• [What is required]:
From the data underneath, reproduce exactly the stretch that begins at the line with "then obtain s0" and ends after the line with "unfolding X_def Y_def by".

• [Data for this exercise]:
(* Let $f$, $Q$, $L$, $d_Q$ and $T\in\mathbb{N}_0$ be as in the context, and let the sequences $(x_t)_{t=0}^{T+1}$, $(u_t)_{t=0}^{T+1}$, $(z_t)_{t=0}^{T}$, $(\hat x_t)_{t=1}^{T+1}$, $(\gamma_t)_{t=0}^{T+1}$, $(\Gamma_t)_{t=0}^{T+1}$, $(\tau_t)_{t=0}^{T}$, $(L_t)_{t=0}^{T}$ be generated by the algorithm described in the context. Then for every $0\le t\le T$, \[ \Gamma_t f(u_t)+\sum_{k=0}^{t-1}(L_{k+1}-L_k)\Big(d_Q(z_{k+1})-\tfrac12\|z_k-\hat x_{k+1}\|^2\Big)\le \psi_t, \] where \[ \psi_t:=\min_{x\in Q}\Big\{\sum_{k=0}^{t}\gamma_k\big(f(x_k)+\langle\nabla f(x_k),x-x_k\rangle\big)+L_t d_Q(x)\Big\}. \]
   Context: $\mathbb{R}^n$ carries the standard scalar product $\langle\cdot,\cdot\rangle$ and a (possibly different) norm $\|\cdot\|$, with dual norm $\|u\|_*=\max\{\langle u,x\rangle:\|x\|=1\}$. $Q\subseteq\mathbb{R}^n$ is closed and convex; $f:\mathbb{R}^n\to\mathbb{R}$ is convex, differentiable, attains its minimum on $Q$, and $L>0$ satisfies $\|\nabla f(x)-\nabla f(y)\|_*\le L\|x-y\|$ for all $x,y\in Q$. A distance-generating function for $Q$ is $d_Q:Q\to\mathbb{R}_{\ge0}$ that is continuous on $Q$, strongly convex with modulus 1 w.r.t. $\|\cdot\|$ (i.e. $d_Q(\lambda x+(1-\lambda)y)+\frac{\lambda(1-\lambda)}2\|x-y\|^2\le\lambda d_Q(x)+(1-\lambda)d_Q(y)$ for $x,y\in Q$, $\lambda\in[0,1]$), and whose subdifferential admits a continuous selection $d_Q'$ on $Q^o:=\{x\in Q:\partial d_Q(x)\neq\emptyset\}$. For $z\in Q^o$, the Bregman distance is $V_z(x)=d_Q(x)-d_Q(z)-\langle d_Q'(z),x-z\rangle$, and the prox-mapping is $\mathrm{Prox}_{Q,z}(s)=\arg\min_{x\in Q}\{\langle s,x-z\rangle+V_z(x)\}$ (a unique minimizer, lying in $Q^o$). The $d_Q$-center is $c(d_Q)=\arg\min_{x\in Q}d_Q(x)$, and it is assumed that $d_Q(c(d_Q))=0$. Algorithm: choose $T\in\mathbb{N}_0$ and numbers $(\gamma_t)_{t=0}^{T+1}$ with $\gamma_0\in(0,1]$, $\gamma_t\ge0$ and $\gamma_t^2\le\Gamma_t:=\sum_{k=0}^t\gamma_k$ for all $0\le t\le T+1$. Set $L_0=L$, $x_0=c(d_Q)$, $u_0=\arg\min_{x\in Q}\{\gamma_0(f(x_0)+\langle\nabla f(x_0),x-x_0\rangle)+L_0d_Q(x)\}$, $z_0=u_0$, $\tau_0=\gamma_1/\Gamma_1$, $x_1=\tau_0z_0+(1-\tau_0)u_0(=z_0)$, $\hat x_1=\mathrm{Prox}_{Q,z_0}(\gamma_1\nabla f(x_1)/L_0)$, $u_1=\tau_0\hat x_1+(1-\tau_0)u_0$. For $t=1,\dots,T$: choose $0<L_t\le L$ with $f(u_t)\le f(x_t)+\langle\nabla f(x_t),u_t-x_t\rangle+\frac{L_t}{2}\|u_t-x_t\|^2$; set $z_t=\arg\min_{x\in Q}\{\sum_{k=0}^t\gamma_k(f(x_k)+\langle\nabla f(x_k),x-x_k\rangle)+L_td_Q(x)\}$; set $\tau_t=\gamma_{t+1}/\Gamma_{t+1}$ and $x_{t+1}=\tau_tz_t+(1-\tau_t)u_t$; set $\hat x_{t+1}=\mathrm{Prox}_{Q,z_t}(\gamma_{t+1}\nabla f(x_{t+1})/L_t)$; set $u_{t+1}=\tau_t\hat x_{t+1}+(1-\tau_t)u_t$. *)

theory Defs
  imports "HOL-Analysis.Analysis"
begin
lemma Phi_scaled:
  "Phi s * (gamma1 + gamma2) = F s s * M (d - s) - beta * (exp (gamma1 * (d - s)) - exp (- gamma2 * (d - s)))"
proof -
  define X Y b where "X = exp (gamma1 * (d - s))" and "Y = exp (- gamma2 * (d - s))"
    and "b = beta / gamma2"
  have M: "M (d - s) = gamma1 * Y + gamma2 * X" unfolding M_def X_def Y_def by simp
  have "gamma1 + gamma2 \<noteq> 0" using gamma1_pos gamma2_pos by simp
  then have "Phi s * (gamma1 + gamma2) = (F s s - b) * M (d - s) + b * Y * (gamma1 + gamma2)"
    unfolding Phi_def b_def Y_def by (simp add: distrib_right)
  also have "\<dots> = F s s * M (d - s) - b * gamma2 * (X - Y)"
    unfolding M by algebra
  also have "b * gamma2 = beta" unfolding b_def using gamma2_pos by simp
  finally show ?thesis unfolding X_def Y_def .
qed

lemma F_eq_G_iff: "F s s = G C s s \<longleftrightarrow> Phi s = C"
proof -
  have "F s s = G C s s \<longleftrightarrow> F s s * M (d - s)
      = C * (gamma1 + gamma2) + beta * (exp (gamma1 * (d - s)) - exp (- gamma2 * (d - s)))"
    unfolding G_diag using M_pos[of "d - s"] by (simp add: eq_divide_eq)
  also have "\<dots> \<longleftrightarrow> Phi s * (gamma1 + gamma2) = C * (gamma1 + gamma2)"
    unfolding Phi_scaled by linarith
  also have "\<dots> \<longleftrightarrow> Phi s = C" using gamma1_pos gamma2_pos by simp
  finally show ?thesis .
qed

lemma Phi_strict_mono: "strict_mono_on {0<..d} Phi"
proof (rule strict_mono_onI)
  fix s t assume s: "s \<in> {0<..d}" and t: "t \<in> {0<..d}" and "s < t"
  have "F s s - beta / gamma2 < 0" using F_diag_less[of s] beta_mu_less s by simp
  moreover have "M (d - t) \<le> M (d - s)" using M_mono[of "d - t" "d - s"] t \<open>s < t\<close> by simp
  ultimately have "(F s s - beta / gamma2) * M (d - s) \<le> (F s s - beta / gamma2) * M (d - t)"
    by (auto intro: mult_left_mono_neg)
  also have "\<dots> < (F t t - beta / gamma2) * M (d - t)"
    using strict_mono_onD[OF F_diag_strict_mono, of s t] s t \<open>s < t\<close> M_pos[of "d - t"] by simp
  finally have "(F s s - beta / gamma2) * M (d - s) / (gamma1 + gamma2)
      < (F t t - beta / gamma2) * M (d - t) / (gamma1 + gamma2)"
    using gamma1_pos gamma2_pos by (simp add: divide_strict_right_mono)
  moreover have "beta / gamma2 * exp (- gamma2 * (d - s)) < beta / gamma2 * exp (- gamma2 * (d - t))"
  proof (rule mult_strict_left_mono)
    have "gamma2 * (d - t) < gamma2 * (d - s)" using \<open>s < t\<close> gamma2_pos by simp
    then show "exp (- gamma2 * (d - s)) < exp (- gamma2 * (d - t))" by simp
  qed (use beta_pos gamma2_pos in simp)
  ultimately show "Phi s < Phi t" unfolding Phi_def by simp
qed

lemma Phi_le_F_diag: assumes "0 < s" and "s \<le> d" shows "Phi s \<le> F s s"
proof -
  have "F s s - beta / gamma2 < 0" using F_diag_less[OF assms(1)] beta_mu_less by simp
  moreover have "1 \<le> M (d - s) / (gamma1 + gamma2)"
    using M_ge[of "d - s"] assms gamma1_pos gamma2_pos by simp
  ultimately have "(F s s - beta / gamma2) * (M (d - s) / (gamma1 + gamma2)) \<le> F s s - beta / gamma2"
    using mult_left_mono_neg[of 1] by fastforce
  moreover have "beta / gamma2 * exp (- gamma2 * (d - s)) \<le> beta / gamma2 * 1"
  proof (rule mult_left_mono)
    have "0 \<le> gamma2 * (d - s)" using assms gamma2_pos by simp
    then show "exp (- gamma2 * (d - s)) \<le> 1" by simp
  qed (use beta_pos gamma2_pos in simp)
  ultimately show ?thesis unfolding Phi_def by simp
qed

lemma Phi_end: "Phi d = xi1 mu sg u0 r beta d"
proof -
  have "F d d = xi1 mu sg u0 r beta d" by (simp add: Ffun_def xi1_def)
  moreover have "M 0 = gamma1 + gamma2" by (simp add: M_def)
  ultimately show ?thesis unfolding Phi_def using gamma1_pos gamma2_pos by simp
qed

lemma Phi_isCont: assumes "s > 0" shows "isCont Phi s"
  using F_denom_pos[OF assms] gamma1_pos gamma2_pos alpha2_pos
  unfolding Phi_def[abs_def] F_eq F_denom_def M_def by (intro continuous_intros) auto

lemma Phi_attains: assumes "C < xi1 mu sg u0 r beta d" shows "\<exists>s\<in>{0<..<d}. Phi s = C"
proof -
  have "eventually (\<lambda>s. F s s \<le> C - 1) (at_right 0)"
    using F_diag_at_bot by (simp add: filterlim_at_bot)
  moreover have "eventually (\<lambda>s. s \<in> {0<..<d}) (at_right 0)"
    by (rule eventually_at_right_real[OF d_pos])
  ultimately have "eventually (\<lambda>s. F s s \<le> C - 1 \<and> s \<in> {0<..<d}) (at_right 0)"
    by (rule eventually_conj)
  then obtain s0 where s0: "F s0 s0 < C" "s0 \<in> {0<..<d}"
    using eventually_happens'[of "at_right (0::real)"] by (force simp: trivial_limit_def[symmetric])
  then have "Phi s0 < C" using Phi_le_F_diag[of s0] by fastforce
  moreover have "C < Phi d" using assms Phi_end by simp
  ultimately obtain s where "s0 \<le> s" "s \<le> d" "Phi s = C"
    using IVT[of Phi s0 C d] Phi_isCont s0 by fastforce
  with \<open>Phi s0 < C\<close> \<open>C < Phi d\<close> s0 show ?thesis
    by (intro bexI[of _ s]) (auto simp: le_less)
qed

lemma G''_switch: assumes "0 < s" and "F s s = G C s s" shows "G'' C s s = F'' s s"
proof -
  have "sg\<^sup>2 / 2 * G'' C s s = sg\<^sup>2 / 2 * F'' s s"
    unfolding G_ode F_ode G'_switch F'_switch[OF assms(1)] assms(2) by (simp add: algebra_simps)
  then show ?thesis using sg_pos by simp
qed

lemma gamma_mu_eq: "gamma1 * gamma2 * mu = r * (gamma1 - gamma2)"
proof -
  have "gamma1 * gamma2 * mu = gamma1 * gamma2 * (sg\<^sup>2 / 2 * (gamma1 - gamma2))"
    by (rule arg_cong[OF mu_gamma])
  also have "\<dots> = sg\<^sup>2 / 2 * gamma1 * gamma2 * (gamma1 - gamma2)" by simp
  also have "\<dots> = r * (gamma1 - gamma2)" by (rule arg_cong[OF r_gamma[symmetric]])
  finally show ?thesis .
qed

lemma Phi_gamma_bound:
  assumes "0 < s"
  shows "Phi s * gamma1 * gamma2 * (gamma1 + gamma2) \<le> beta * ((gamma1 - gamma2) * M (d - s)
    - gamma1 * gamma2 * (exp (gamma1 * (d - s)) - exp (- gamma2 * (d - s))))"
proof -
  define X Y where "X = exp (gamma1 * (d - s))" and "Y = exp (- gamma2 * (d - s))"
  have "gamma1 * gamma2 * F s s < gamma1 * gamma2 * (beta * mu / r)"
    using mult_strict_left_mono[OF F_diag_less[OF assms], of "gamma1 * gamma2"] gamma1_pos gamma2_pos
    by simp
  also have "\<dots> = beta * (gamma1 * gamma2 * mu) / r" by simp
  also have "\<dots> = beta * (gamma1 - gamma2)" unfolding gamma_mu_eq using r_pos by simp
  finally have F_bound: "gamma1 * gamma2 * F s s * M (d - s) \<le> beta * (gamma1 - gamma2) * M (d - s)"
    using M_pos[of "d - s"] by (simp add: mult_right_mono)
  have Phi_S: "Phi s * (gamma1 + gamma2) = F s s * M (d - s) - beta * (X - Y)"
    unfolding X_def Y_def by (rule Phi_scaled)
  have "Phi s * gamma1 * gamma2 * (gamma1 + gamma2) = gamma1 * gamma2 * (Phi s * (gamma1 + gamma2))"
    by (simp add: ac_simps)
  also have "\<dots> = gamma1 * gamma2 * F s s * M (d - s) - beta * gamma1 * gamma2 * (X - Y)"
    unfolding Phi_S by (simp add: algebra_simps)
  also have "\<dots> \<le> beta * ((gamma1 - gamma2) * M (d - s) - gamma1 * gamma2 * (X - Y))"
    using F_bound by (simp add: algebra_simps)
  finally show ?thesis unfolding X_def Y_def .
qed

lemma G'_end_le: assumes "0 < s" and "s \<le> d" shows "G' (Phi s) s d \<le> - beta"
proof -
  define X Y S where "X = exp (gamma1 * (d - s))" and "Y = exp (- gamma2 * (d - s))"
    and "S = gamma1 + gamma2"
  define Mt where "Mt = M (d - s)"
  have Mt: "Mt = gamma1 * Y + gamma2 * X" unfolding Mt_def M_def X_def Y_def by simp
  have "Y \<le> 1" "1 \<le> X" unfolding X_def Y_def using assms gamma1_pos gamma2_pos by simp_all
  have "S \<le> Mt" "0 < Mt" "0 < S"
    unfolding Mt_def S_def using M_ge[of "d - s"] M_pos assms gamma1_pos gamma2_pos by auto
  have Phi_bound: "Phi s * gamma1 * gamma2 * S \<le> beta * ((gamma1 - gamma2) * Mt - gamma1 * gamma2 * (X - Y))"
    using Phi_gamma_bound[OF assms(1)] unfolding S_def Mt_def X_def Y_def .
  have "(G' (Phi s) s d + beta) * Mt * S
      = Phi s * gamma1 * gamma2 * S * (X - Y) + beta * S * (Mt - S * X * Y)"
  proof -
    have "GA (Phi s) s * exp (gamma1 * s) * Mt = Phi s * gamma2 - beta * Y"
      unfolding Mt_def Y_def by (rule GA_scaled)
    moreover have "G' (Phi s) s d = S * GA (Phi s) s * exp (gamma1 * s) * X - Phi s * gamma2"
      unfolding S_def X_def by (rule G'_end_eq)
    ultimately show ?thesis unfolding S_def Mt by algebra
  qed
  also have "\<dots> \<le> beta * ((gamma1 - gamma2) * Mt - gamma1 * gamma2 * (X - Y)) * (X - Y) + beta * S * (Mt - S * X * Y)"
    using Phi_bound \<open>Y \<le> 1\<close> \<open>1 \<le> X\<close> by (intro add_right_mono mult_right_mono) auto
  also have "\<dots> = beta * Mt * (S - Mt)"
    unfolding S_def Mt by algebra
  also have "\<dots> \<le> 0"
    using beta_pos \<open>0 < Mt\<close> \<open>S \<le> Mt\<close> by (simp add: mult_nonpos_nonneg mult_nonneg_nonpos)
  finally have "(G' (Phi s) s d + beta) * (Mt * S) \<le> 0" by (simp add: mult.assoc)
  then show ?thesis using \<open>0 < Mt\<close> \<open>0 < S\<close> by (simp add: mult_le_0_iff)
qed

lemma G'_le: assumes "0 < s" and "s \<le> z" and "z \<le> d" shows "G' (Phi s) s z \<le> - beta"
proof -
  have "F s s = G (Phi s) s s" using F_eq_G_iff by simp
  then have neg: "G'' (Phi s) s s < 0" using G''_switch F''_switch_neg assms(1) by simp
  have "G' (Phi s) s z \<le> max (G' (Phi s) s s) (G' (Phi s) s d)"
    using assms(2,3) G'_deriv G''_pos_stays_pos[OF _ _ neg] by (rule le_max_endpoints_if_deriv_stays_pos)
  then show ?thesis using G'_switch G'_end_le assms by simp
qed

• [Expected answer]:
  then obtain s0 where s0: "F s0 s0 < C" "s0 \<in> {0<..<d}"
    using eventually_happens'[of "at_right (0::real)"] by (force simp: trivial_limit_def[symmetric])
  then have "Phi s0 < C" using Phi_le_F_diag[of s0] by fastforce
  moreover have "C < Phi d" using assms Phi_end by simp
  ultimately obtain s where "s0 \<le> s" "s \<le> d" "Phi s = C"
    using IVT[of Phi s0 C d] Phi_isCont s0 by fastforce
  with \<open>Phi s0 < C\<close> \<open>C < Phi d\<close> s0 show ?thesis
    by (intro bexI[of _ s]) (auto simp: le_less)
qed

lemma G''_switch: assumes "0 < s" and "F s s = G C s s" shows "G'' C s s = F'' s s"
proof -
  have "sg\<^sup>2 / 2 * G'' C s s = sg\<^sup>2 / 2 * F'' s s"
    unfolding G_ode F_ode G'_switch F'_switch[OF assms(1)] assms(2) by (simp add: algebra_simps)
  then show ?thesis using sg_pos by simp
qed

lemma gamma_mu_eq: "gamma1 * gamma2 * mu = r * (gamma1 - gamma2)"
proof -
  have "gamma1 * gamma2 * mu = gamma1 * gamma2 * (sg\<^sup>2 / 2 * (gamma1 - gamma2))"
    by (rule arg_cong[OF mu_gamma])
  also have "\<dots> = sg\<^sup>2 / 2 * gamma1 * gamma2 * (gamma1 - gamma2)" by simp
  also have "\<dots> = r * (gamma1 - gamma2)" by (rule arg_cong[OF r_gamma[symmetric]])
  finally show ?thesis .
qed

lemma Phi_gamma_bound:
  assumes "0 < s"
  shows "Phi s * gamma1 * gamma2 * (gamma1 + gamma2) \<le> beta * ((gamma1 - gamma2) * M (d - s)
    - gamma1 * gamma2 * (exp (gamma1 * (d - s)) - exp (- gamma2 * (d - s))))"
proof -
  define X Y where "X = exp (gamma1 * (d - s))" and "Y = exp (- gamma2 * (d - s))"
  have "gamma1 * gamma2 * F s s < gamma1 * gamma2 * (beta * mu / r)"
    using mult_strict_left_mono[OF F_diag_less[OF assms], of "gamma1 * gamma2"] gamma1_pos gamma2_pos
    by simp
  also have "\<dots> = beta * (gamma1 * gamma2 * mu) / r" by simp
  also have "\<dots> = beta * (gamma1 - gamma2)" unfolding gamma_mu_eq using r_pos by simp
  finally have F_bound: "gamma1 * gamma2 * F s s * M (d - s) \<le> beta * (gamma1 - gamma2) * M (d - s)"
    using M_pos[of "d - s"] by (simp add: mult_right_mono)
  have Phi_S: "Phi s * (gamma1 + gamma2) = F s s * M (d - s) - beta * (X - Y)"
    unfolding X_def Y_def by (rule Phi_scaled)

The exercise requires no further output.